2. И важная и заметная публикация — «Угодило зёрнышко промеж двух жерновов» Александра Солженицына. Все, кто читал «Бодался телёнок с дубом», ждали продолжения этой книги, тем более что о жизни Солженицына на Западе ходит столько легенд. Здесь журнал оказался в традиционной (уже утрачиваемой) роли монополиста: другой возможности прочесть текст Солженицына не было.
Другая публикация, которую хочется отметить, — «Марина Дурново. Мой муж Даниил Хармс» Владимира Глоцера. Замечательно найден жанр. Владимир Глоцер дает возможность высказаться вдове Хармса, самое существование которой в конце XX века кажется почти неправдоподобным, скромно отступая перед свидетельством, — но любому, кто оказывался наедине с грудой магнитофонных пленок, ясно, что за титаническую работу пришлось ему проделать. Хочется еще отметить, что эта публикация очень уместна именно в «Новом мире» и, в свою очередь, работает на журнал.
Что касается прозы, тут успехом журнала является роман Михаила Бутова «Свобода», хотя Букеровская премия за него досталась все же благодаря благоприятному стечению обстоятельств — в совокупном мнении критики роман Маканина «Андеграунд…» явно впереди.
Из публицистики запомнился блестящий сарказм статьи Татьяны Чередниченко «Радость (?) выбора (?)» и последующий обмен мнениями между Чередниченко и Александром Носовым. Победу в этой схватке я бы присудила Чередниченко, хотя свои очки набрал и журнал.

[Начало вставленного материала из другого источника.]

text \<open>Cell \<open>b + 1\<close> holds letter \<open>v ! b\<close>; a state crosses the boundary between cells \<open>b\<close> and \<open>b + 1\<close>
  rightwards by arriving in cell \<open>b + 1\<close> (necessarily in a \<open>+\<close>-state), leftwards by arriving in
  cell \<open>b\<close> in a \<open>-\<close>-state.\<close>
definition crossing_plus :: "nat \<Rightarrow> nat set" where
  "crossing_plus b = {s. s < k \<and> (s, Suc b) \<in> run_confs}"

definition crossing_minus :: "nat \<Rightarrow> nat set" where
  "crossing_minus b = {s. k \<le> s \<and> (s, b) \<in> run_confs}"

definition crossing :: "nat \<Rightarrow> nat set" where
  "crossing b = crossing_plus b \<union> crossing_minus b"

lemma letters_of_accepted: "b < length v \<Longrightarrow> v ! b < n_letters"
  using accepted by (auto simp: accepts_def witness_tdfa_def)

lemma alt_seq_left_right: "b < length v \<Longrightarrow> alt_seq (left_seq b) \<and> alt_seq (right_seq b)"
  using alt_seq_letter[OF letters_of_accepted] left_seq_def right_seq_def by simp

lemma step_cases:
  assumes "run_step (s, y) (r, y')"
  shows "(y = 0 \<and> s = 0 \<and> r = 0 \<and> y' = 1) \<or>
    (\<exists>b < length v. y = Suc b \<and> (\<exists>d. cross_move (left_seq b) (right_seq b) s = Some (r, d)
       \<and> (d = 1 \<and> y' = Suc y \<and> r < k \<or> d = -1 \<and> y' = b \<and> k \<le> r)))"
proof -
  from assms obtain d where t: "witness_trans s (tape v y) = Some (r, d)" and yb: "y \<le> Suc (length v)"
    and y': "0 \<le> int y + d" "y' = nat (int y + d)"
    unfolding step_def witness_tdfa_def by auto
  show ?thesis
  proof (cases y)
    case 0
    then show ?thesis using t y' by (auto simp: witness_trans_def tape_def split: if_splits)
  next
    case (Suc b)
    then have b: "b < length v" using t yb by (cases "b = length v") (auto simp: witness_trans_def tape_def)
    then have "cross_move (left_seq b) (right_seq b) s = Some (r, d)"
      using t Suc letters_of_accepted[OF b]
      by (simp add: witness_trans_def tape_def left_seq_def right_seq_def)
    moreover from this have "d = 1 \<and> r < k \<or> d = -1 \<and> k \<le> r"
      using cross_move_dir alt_seq_left_right[OF b] by blast
    ultimately show ?thesis using Suc b y' by auto
  qed
qed

lemma run_confs_init: "(0, 0) \<in> run_confs" and run_confs_final: "(k - 1, Suc (length v)) \<in> run_confs"
  using accepted unfolding run_confs_def accepts_def by (auto simp: witness_tdfa_def)

lemma run_confs_succ:
  assumes "c \<in> run_confs" "c \<noteq> (k - 1, Suc (length v))"
  shows "\<exists>c'. run_step c c' \<and> c' \<in> run_confs"
proof -
  obtain c' where "run_step c c'" "run_step\<^sup>*\<^sup>* c' (k - 1, Suc (length v))"
    using assms converse_rtranclpE unfolding run_confs_def by (metis mem_Collect_eq)
  moreover have "run_step\<^sup>*\<^sup>* (0, 0) c'" using assms calculation(1) unfolding run_confs_def by auto
  ultimately show ?thesis unfolding run_confs_def by blast
qed

lemma run_confs_pred:
  assumes "c \<in> run_confs" "c \<noteq> (0, 0)"
  shows "\<exists>c0\<in>run_confs. run_step c0 c"
proof -
  obtain c0 where "run_step\<^sup>*\<^sup>* (0, 0) c0" "run_step c0 c"
    using assms rtranclp.cases unfolding run_confs_def by (metis mem_Collect_eq)
  moreover have "run_step\<^sup>*\<^sup>* c0 (k - 1, Suc (length v))"
    using assms calculation(2) unfolding run_confs_def by (auto intro: converse_rtranclp_into_rtranclp)
  ultimately show ?thesis unfolding run_confs_def by blast
qed

lemma run_confs_move:
  assumes "(s, Suc b) \<in> run_confs" "b < length v"
  shows "\<exists>r. (cross_move (left_seq b) (right_seq b) s = Some (r, 1) \<and> r < k \<and> (r, Suc (Suc b)) \<in> run_confs)
    \<or> (cross_move (left_seq b) (right_seq b) s = Some (r, -1) \<and> k \<le> r \<and> (r, b) \<in> run_confs)"
proof -
  have "(s, Suc b) \<noteq> (k - 1, Suc (length v))" using assms(2) by simp
  then obtain c' where "run_step (s, Suc b) c'" "c' \<in> run_confs" using run_confs_succ[OF assms(1)] by blast
  moreover obtain r y where "c' = (r, y)" by (cases c')
  ultimately show ?thesis using step_cases[of s "Suc b" r y] by auto
qed

lemma crossing_plus_subset:
  assumes b: "b < length v"
  shows "crossing_plus b \<subseteq> {a \<in> set (left_seq b). a < k}"
proof
  fix s assume "s \<in> crossing_plus b"
  then have sV: "(s, Suc b) \<in> run_confs" and sk: "s < k" unfolding crossing_plus_def by auto
  obtain r d where t: "cross_move (left_seq b) (right_seq b) s = Some (r, d)"
    using run_confs_move[OF sV b] by auto
  have "s \<in> set (left_seq b)"
  proof (cases "s = last (left_seq b)")
    case True then show ?thesis using alt_seq_left_right[OF b] by (cases "left_seq b") auto
  next
    case False
    then obtain x where "pair_lookup (left_seq b) s = Some x"
      using t sk unfolding cross_move_def by (auto split: if_splits)
    then show ?thesis using pair_lookup_set by blast
  qed
  then show "s \<in> {a \<in> set (left_seq b). a < k}" using sk by simp
qed

lemma crossing_minus_eq:
  assumes b: "b < length v"
  shows "crossing_minus b = {x. \<exists>a\<in>crossing_plus b. pair_lookup (left_seq b) a = Some x}"
proof
  show "{x. \<exists>a\<in>crossing_plus b. pair_lookup (left_seq b) a = Some x} \<subseteq> crossing_minus b"
  proof
    fix x assume "x \<in> {x. \<exists>a\<in>crossing_plus b. pair_lookup (left_seq b) a = Some x}"
    then obtain a where a: "a \<in> crossing_plus b" "pair_lookup (left_seq b) a = Some x" by auto
    have aV: "(a, Suc b) \<in> run_confs" using a(1) unfolding crossing_plus_def by simp
    have "a \<noteq> last (left_seq b)" "a < k" using pair_lookup_plus alt_seq_left_right[OF b] a(2) by auto
    then have "cross_move (left_seq b) (right_seq b) a = Some (x, -1)"
      using a(2) unfolding cross_move_def by simp
    then show "x \<in> crossing_minus b" using run_confs_move[OF aV b] unfolding crossing_minus_def by auto
  qed
  show "crossing_minus b \<subseteq> {x. \<exists>a\<in>crossing_plus b. pair_lookup (left_seq b) a = Some x}"
  proof
    fix x assume "x \<in> crossing_minus b"
    then have xV: "(x, b) \<in> run_confs" and kx: "k \<le> x" unfolding crossing_minus_def by auto
    then have "(x, b) \<noteq> (0, 0)" using two_le_k by auto
    then obtain s y where sV: "(s, y) \<in> run_confs" and st: "run_step (s, y) (x, b)"
      using run_confs_pred[OF xV] by auto
    then have "y = Suc b \<and> cross_move (left_seq b) (right_seq b) s = Some (x, -1)"
      using step_cases[OF st] kx two_le_k by auto
    then have "s \<in> crossing_plus b" "pair_lookup (left_seq b) s = Some x"
      using sV unfolding crossing_plus_def cross_move_def by (auto split: if_splits)
    then show "x \<in> {x. \<exists>a\<in>crossing_plus b. pair_lookup (left_seq b) a = Some x}" by auto
  qed
qed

В критике на успех журнала более всего работал цикл статей Ирины Роднянской «По ходу текста», хотя большинство из них и выходили за пределы собственно критики и касались не только литературных явлений. Впрочем, когда-то критика именно тем и занималась, что осмысляла как литературу, так и мир, ее породивший. Следить за мыслью автора, следующей «по ходу текста», было всегда интересно.

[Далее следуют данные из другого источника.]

definition recv :: "nat \<Rightarrow> nat \<Rightarrow> nat \<Rightarrow> nat \<Rightarrow> 'v msg \<Rightarrow> 'v lst \<Rightarrow> 'v lst \<times> (nat \<times> 'v msg) set" where
  "recv n f i j m s = (case m of
      MRequest v \<Rightarrow> (s\<lparr>hreq := (hreq s)(j := max (hreq s j) v)\<rparr>, {})
    | MDone val \<Rightarrow> (s\<lparr>done_rcvd := insert (j, val) (done_rcvd s)\<rparr>, {})
    | MAbort v \<Rightarrow> abort_rule n f i j v s
    | MSuggest k3 v3 k2 v2 pk2 v \<Rightarrow>
        (if v = view s \<and> i = prim n v \<and> j \<notin> suggest_from s then
           (let s1 = s\<lparr>suggest_from := insert j (suggest_from s)\<rparr>;
                s2 = (if pk2 < int k2 \<and> k2 < v
                      then s1\<lparr>key2_proofs := (key2_proofs s1)(j := Some (k2, v2, pk2))\<rparr> else s1);
                s3 = (if k3 = 0 then s2\<lparr>suggestions := (suggestions s2)(j := Some (k3, v3))\<rparr>
                      else if k3 < v then s2\<lparr>pend_sugg := (pend_sugg s2)(j := Some (k3, v3))\<rparr>
                      else s2)
            in (s3, {}))
         else (s, {}))
    | MProof k1 v1 pk1 v \<Rightarrow>
        (if v = view s \<and> j \<notin> proof_from s then
           (let s1 = s\<lparr>proof_from := insert j (proof_from s)\<rparr>
            in (if k1 < v \<and> pk1 < int k1
                then s1\<lparr>proofs := (proofs s1)(j := Some (k1, v1, pk1))\<rparr> else s1, {}))
         else (s, {}))
    | MPropose k w v \<Rightarrow>
        (if v = view s \<and> j = prim n v \<and> proposal s = None then
           (let s1 = s\<lparr>proposal := Some (k, w)\<rparr>
            in (if lock s = 0 \<or> w = lock_val s then s1\<lparr>queued := insert (MEcho w v) (queued s1)\<rparr>
                else if k < v \<and> lock s \<le> k then s1\<lparr>awaiting := Some w\<rparr>
                else s1, {}))
         else (s, {}))
    | MEcho val v \<Rightarrow> (if v = view s then (s\<lparr>rcvd := insert (j, m) (rcvd s)\<rparr>, {}) else (s, {}))
    | MKey1 val v \<Rightarrow> (if v = view s then (s\<lparr>rcvd := insert (j, m) (rcvd s)\<rparr>, {}) else (s, {}))
    | MKey2 val v \<Rightarrow> (if v = view s then (s\<lparr>rcvd := insert (j, m) (rcvd s)\<rparr>, {}) else (s, {}))
    | MKey3 val v \<Rightarrow> (if v = view s then (s\<lparr>rcvd := insert (j, m) (rcvd s)\<rparr>, {}) else (s, {}))
    | MLock val v \<Rightarrow> (if v = view s then (s\<lparr>rcvd := insert (j, m) (rcvd s)\<rparr>, {}) else (s, {})))"

definition cnt :: "nat \<Rightarrow> 'v lst \<Rightarrow> 'v msg \<Rightarrow> nat" where
  "cnt n s m = card {j \<in> parties n. (j, m) \<in> rcvd s}"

Алла ЛАТЫНИНА, литературный критик, журналист, член редколлегии «Литературной газеты».
Что такое пятнадцатитысячный тираж самого популярного толстого литературного журнала в стране с населением 150 миллионов — в России? Это все равно, что 500 экземпляров для пятимиллионной Финляндии. После этого понимаешь, что сегодня любая публикация в толстом журнале — иллюзия публикации, любительское издание, неестественное для России. Потому что наша слава — не Пеле, наша слава — Пушкин, и такой славе, к величайшему несчастью, нет продолжения.
Я считаю, что самый лучший меценат — это власть, если она не навязывает нам идеологическую опеку. Еще есть время, чтобы спасти нашу великую литературу, опекая ее бескорыстно.
Все так сложилось в эти годы, что люди потеряли одно из самых тонких наслаждений — чтение книги или литературного журнала. И только великие читатели, личности, сумели сохранить для себя эту радость, ведь их у человека всего-то несколько.
Игорь ШКЛЯРЕВСКИЙ, поэт.
Мне кажется, основная проблема отношения к «Новому миру» (как, впрочем, и к другим «толстякам») сегодня связана с проблемой чтения. Причем не «внешнего» времени современной беготни, суеты (когда читать некогда), а скорее «внутреннего» времени. Золотой век «Нового мира» (60 — 70-е годы) основывался на культуре медленного чтения. Здесь была важна не только часто обсуждавшаяся способность (советская?) строить (замедлять) чтение через считывание намеков, знаков сопротивления, следов эстетического эскапизма и т. п., которые содержались в текстах. Важно скорее другое: время чтения фактически совпадало с временем жизни. Или иначе: время жизни структурировалось, обустраивалось по законам времени чтения. «Новый мир» и другие «толстяки» давали визуальную, очевидную «картинку» этого тождества. В них содержалась «вся жизнь» (причем выстроенная иерархически: проза, поэзия, публицистика и т. д.), но при этом «вся жизнь» предлагалась не для ее проживания, а для ее «прочтения». Собственно, такое чтение замещало огромное множество больших и малых перцепций, исходящих от ужасающей и притягивающей своей «нелитературностью» жизни.